JPH0672369B2 - Steel cord - Google Patents

Description

TECHNICAL FIELD The present invention relates to a steel cord which can be suitably used for reinforcing a tire, can enhance corrosion resistance, and can improve the service life.

[Conventional technology]

In pneumatic tires and the like, steel cords are often used for carcass plies, belt plies, etc. in order to improve structural strength, durability, etc., and such steel cords are usually, for example, as shown in FIG. In addition, an inner sheath B and an outer sheath C formed by spirally winding an inner filament b ... and an outer filament c ... around a core A formed by twisting three to four core filaments a ... Are used. . It should be noted that the figure shows a 3 + 9 + 15 structure.

[Problems to be Solved by the Invention]

However, in such a conventional structure,
Since the core filaments a ... Are intimately twisted with each other, a cavity d into which rubber cannot penetrate is formed continuously in the longitudinal direction at the center of the core A.

Therefore, for example, in the tread portion, when damage reaches the cord, moisture or the like penetrating from the damaged portion propagates through the cavity d, and as a result, filaments, rubber separation, and corrosion such as rust. The tire life was greatly reduced by causing breakage and damage of the cord.

An object of the present invention is to provide a steel cord which can improve the corrosion resistance and the service life by adjusting the tensile strength and the bending rigidity based on the fact that the core is formed by one core filament.

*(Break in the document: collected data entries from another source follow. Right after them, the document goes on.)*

lemma cum_step_diff_ge:
  assumes "1 \<le> j" "j \<le> i"
  shows "\<eta> / (1 - \<alpha>) * (real i powr (1 - \<alpha>) - real j powr (1 - \<alpha>)) - \<eta> \<le> cum_step i - cum_step j"
proof -
  let ?a = "1 - \<alpha>"
  define f where "f r = real r powr ?a" for r
  have a: "0 < ?a" "?a < 1" using alpha_pos alpha_less_1 by auto
  have increment: "f (Suc r) - f r \<le> ?a * real r powr (-\<alpha>)" if "1 \<le> r" for r
    using powr_diff_mvt_bounds(2)[of "real r" "real (Suc r)" ?a] that a by (simp add: f_def)
  have "(\<eta> / ?a) * (f (Suc i) - f (Suc j)) = (\<eta> / ?a) * (\<Sum>r = Suc j..i. f (Suc r) - f r)"
    using sum_Suc_diff[of "Suc j" i f] assms by simp
  also have "\<dots> \<le> (\<eta> / ?a) * (\<Sum>r = Suc j..i. ?a * real r powr (-\<alpha>))"
    using eta_pos a assms by (intro mult_left_mono sum_mono increment) auto
  also have "\<dots> = cum_step i - cum_step j"
    using a assms by (simp add: cum_step_diff sum_distrib_left step_def)
  finally have sum_bound: "(\<eta> / ?a) * (f (Suc i) - f (Suc j)) \<le> cum_step i - cum_step j" .
  have "real j powr (-\<alpha>) \<le> 1"
    using assms alpha_pos by (simp add: powr_minus inverse_le_1_iff ge_one_powr_ge_zero)
  then have "?a * real j powr (-\<alpha>) \<le> ?a"
    using a by (simp add: mult_le_cancel_left1)
  then have "f (Suc j) - f j \<le> ?a"
    using increment[OF assms(1)] by linarith
  moreover have "f i \<le> f (Suc i)"
    unfolding f_def using a by (intro powr_mono2) auto
  ultimately have "(\<eta> / ?a) * (f i - f j - ?a) \<le> (\<eta> / ?a) * (f (Suc i) - f (Suc j))"
    using eta_pos a by (intro mult_left_mono) auto
  also have "(\<eta> / ?a) * (f i - f j - ?a) = \<eta> / ?a * (f i - f j) - \<eta>"
    using a by (simp add: field_simps)
  finally show ?thesis using sum_bound unfolding f_def by linarith
qed

lemma exp_neg_cum_step_diff_le:
  assumes "1 \<le> j" "j \<le> i"
  shows "exp (-(cum_step i - cum_step j))
    \<le> exp \<eta> * exp (\<eta> / (1 - \<alpha>) * (real j powr (1 - \<alpha>) - real i powr (1 - \<alpha>)))"
  using cum_step_diff_ge[OF assms] by (simp add: algebra_simps flip: exp_add)

lemma exp_powr_gap_le:
  assumes "1 \<le> j" "j \<le> i"
  shows "exp (\<eta> / (1 - \<alpha>) * (real j powr (1 - \<alpha>) - real i powr (1 - \<alpha>)))
    \<le> exp (- \<eta> * real i powr (-\<alpha>) * (real i - real j))"
proof -
  have "(1 - \<alpha>) * (real i powr (-\<alpha>) * (real i - real j)) \<le> real i powr (1 - \<alpha>) - real j powr (1 - \<alpha>)"
    using powr_diff_mvt_bounds(1)[of "real j" "real i" "1 - \<alpha>"] assms alpha_pos alpha_less_1
    by simp
  then have "\<eta> / (1 - \<alpha>) * ((1 - \<alpha>) * (real i powr (-\<alpha>) * (real i - real j)))
      \<le> \<eta> / (1 - \<alpha>) * (real i powr (1 - \<alpha>) - real j powr (1 - \<alpha>))"
    using alpha_less_1 eta_pos by (intro mult_left_mono) auto
  then have "\<eta> * real i powr (-\<alpha>) * (real i - real j)
      \<le> \<eta> / (1 - \<alpha>) * (real i powr (1 - \<alpha>) - real j powr (1 - \<alpha>))"
    using alpha_less_1 by simp
  then show ?thesis by (simp add: algebra_simps)
qed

[Means for Solving the Problems]

In order to achieve the above object, the steel cord of the present invention comprises a core consisting of one core filament, and three or more and seven or less inner filaments wound around the core in a spiral line and having the same diameter. And an outer filament of 7 or more and 13 or less and the same diameter wound around the inner layer in a spiral shape with a spiral pitch larger than the spiral pitch of the inner layer and in the opposite spiral direction. On the other hand, at least the inner filament, the outer filament, the inner filament, and the outer filament have a diameter of 0.15 mm or more and 40 mm or less, and the core filament diameter is the inner filament diameter and the outer filament diameter 1.3. It is not less than twice and not more than 1.7 times, and a gap is provided between adjacent inner filaments and outer filaments.

[Action]

As described above, the steel cord of the present invention forms a core with one filament, eliminates the hollow portion at the center of the core, and provides a gap into which rubber can penetrate between the inner filament and the outer filament, respectively. Since each filament can be completely covered with rubber, it is possible to suppress breakage due to corrosion of each filament due to moisture infiltrating from the damaged part and separation between the filament and rubber, etc., and greatly improve the service life. .

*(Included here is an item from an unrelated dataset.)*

(* For natural concepts $C_1,C_2,C_3,D_1,D_2,D_3,E_1,E_2$: (a) $\{C_1:C_2::D_1:D_2,\ D_1:D_2::E_1:E_2\}\models C_1:C_2::E_1:E_2$; (b) $\{C_1:C_2::D_1:D_2,\ C_2:C_3::D_2:D_3\}\models C_1:C_3::D_1:D_3$.
   Context: Concepts: $C,D::=\top\mid\bot\mid A\mid C\sqcap D\mid \exists r.C\mid N$; natural concepts: $N,N'::=A'\mid N\sqcap N'\mid N\bowtie N'\mid \exists r'.N$, with $A$ a concept name, $A'$ a natural concept name, $r$ a role name, $r'$ an intra-domain role name. A domain constrained interpretation is $\mathfrak{I}=(\mathcal{I},[\mathcal{F}_1,\dots,\mathcal{F}_k],\mathcal{X},\pi,\sim,\mathcal{S})$ where $\mathcal{I}=(\Delta^{\mathcal{I}},\cdot^{\mathcal{I}})$ is a classical DL interpretation, $[\mathcal{F}_1,\dots,\mathcal{F}_k]$ partitions a nonempty finite set $\mathcal{F}$, $\mathcal{X}\subseteq2^{\mathcal{F}}$ with $\mathcal{F}\in\mathcal{X}$, $\pi:\Delta^{\mathcal{I}}\to2^{\mathcal{F}}$, $\sim$ an equivalence relation on $\{1,\dots,k\}$, $\mathcal{S}=\{\sigma_{(s,t)}\mid(s,t)\in\sim\}$ with $\sigma_{(s,t)}:\mathcal{F}_s\to\mathcal{F}_t$ bijections. With $\mathcal{C}=\{G\subseteq\mathcal{F}\mid X\not\subseteq G\ \forall X\in\mathcal{X}\}$ and $\mathcal{C}^i=\{G\in\mathcal{C}\mid G\subseteq\mathcal{F}_i\}$ it is required: (1) $X\not\subseteq\pi(d)$ for all $d$, $X\in\mathcal{X}$; (2) each $G\in\mathcal{C}$ is $\pi(d)$ for some $d$; (3) $\sigma_{(s,t)}^{-1}=\sigma_{(t,s)}$, $\sigma_{(t,u)}\circ\sigma_{(s,t)}=\sigma_{(s,u)}$; (4) $\sigma_{(i,j)}(G)\in\mathcal{C}$ for $G\in\mathcal{C}^i$, $(i,j)\in\sim$; (5) $\{f,g\}\in\mathcal{X}$ whenever $f\in\mathcal{F}_i$, $g\in\mathcal{F}_j$, $(i,j)\in\sim$, $i\neq j$. $\varphi(C)=\bigcap\{\pi(d)\mid d\in C^{\mathcal{I}}\}$ ($=\mathcal{F}$ if $C^{\mathcal{I}}=\emptyset$). Concepts are interpreted as usual, with $(N\bowtie N')^{\mathcal{I}}=\{d\mid\varphi(N)\cap\varphi(N')\subseteq\pi(d)\}$. An intra-domain relation $r$: there is $\kappa_r:2^{\mathcal{F}}\to2^{\mathcal{F}}$ with $(\exists r.C)^{\mathcal{I}}=\{d\mid\kappa_r(\varphi(C))\subseteq\pi(d)\}$ for all $C$, $\kappa_r(G)=\bigcup_i\kappa_r(G\cap\mathcal{F}_i)$ for $G\in\mathcal{C}$, $\kappa_r(G)\subseteq\mathcal{F}_i$ for $G\in\mathcal{C}^i$, $\kappa_r(\sigma_{(i,j)}(G))=\sigma_{(i,j)}(\kappa_r(G))$ for $(i,j)\in\sim$, $G\in\mathcal{C}^i$, and $\kappa_r(G)\neq\emptyset$ for $G\in\mathcal{C}^i\setminus\{\emptyset\}$. $\delta(C)=\{i\mid\mathcal{F}_i\cap\varphi(C)\neq\emptyset\}$. For $U=\{(s_1,t_1),\dots,(s_l,t_l)\}\subseteq\sim$ with pairwise distinct $s_i$ and pairwise distinct $t_i$, the domain translation $\sigma_U:\mathcal{F}\to\mathcal{F}$ maps $f\in\mathcal{F}_{s_i}$ to $\sigma_{(s_i,t_i)}(f)$ and fixes all other features; $\mathrm{src}(U)=\{s_i\}$, $\mathrm{tgt}(U)=\{t_i\}$. $\mu(C,D)$ is the set of $\sigma_U$ with $\varphi(D)=\sigma_U(\varphi(C))$, $\mathrm{src}(U)\subseteq\delta(C)$, $\mathrm{tgt}(U)\cap(\delta(C)\setminus\mathrm{src}(U))=\emptyset$. An analogy assertion $C_1:C_2::D_1:D_2$ (between natural concepts) is satisfied in $\mathfrak{I}$ iff $\mu(C_1,C_2)\cap\mu(D_1,D_2)\neq\emptyset$; a concept inclusion $C\sqsubseteq D$ is satisfied iff $C^{\mathcal{I}}\subseteq D^{\mathcal{I}}$. A TBox is a finite set of concept inclusions and analogy assertions. $\mathfrak{I}$ is a model of a TBox $\mathcal{T}$ if it satisfies all its elements, every natural concept $N$ in $\mathcal{T}$ satisfies $N^{\mathcal{I}}=\{d\mid\varphi(N)\subseteq\pi(d)\}$, and every intra-domain role name is interpreted as an intra-domain relation. $\mathcal{T}\models\psi$ means every model of $\mathcal{T}$ satisfies $\psi$. *)

theory Defs
  imports Main
begin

Further, in order to optimize the tensile strength and bending rigidity of the cord while maintaining the above suppressing effect, 3 to 7 inner filaments and 7 to 13 outer filaments are used, and the diameter of the core filament is set to the inner filament. By making the diameter 1.3 times to 1.7 times the diameter of the outer filament, a gap is maintained between the cords to facilitate the intrusion of the rubber. In addition, by making the inner filament and the outer filament both have the same diameter, for convenience of production, the cord strength of each layer and the cord rigidity are constant, and the stability of the overall strength is maintained. Further, by making the spiral pitch of the outer layer larger than the spiral pitch of the inner layer and in the reverse spiral direction, the line contact between the inner and outer filaments is reduced, and the rubber penetration amount is made large and easy.

〔Example〕

 An embodiment of the present invention will be described below with reference to the drawings.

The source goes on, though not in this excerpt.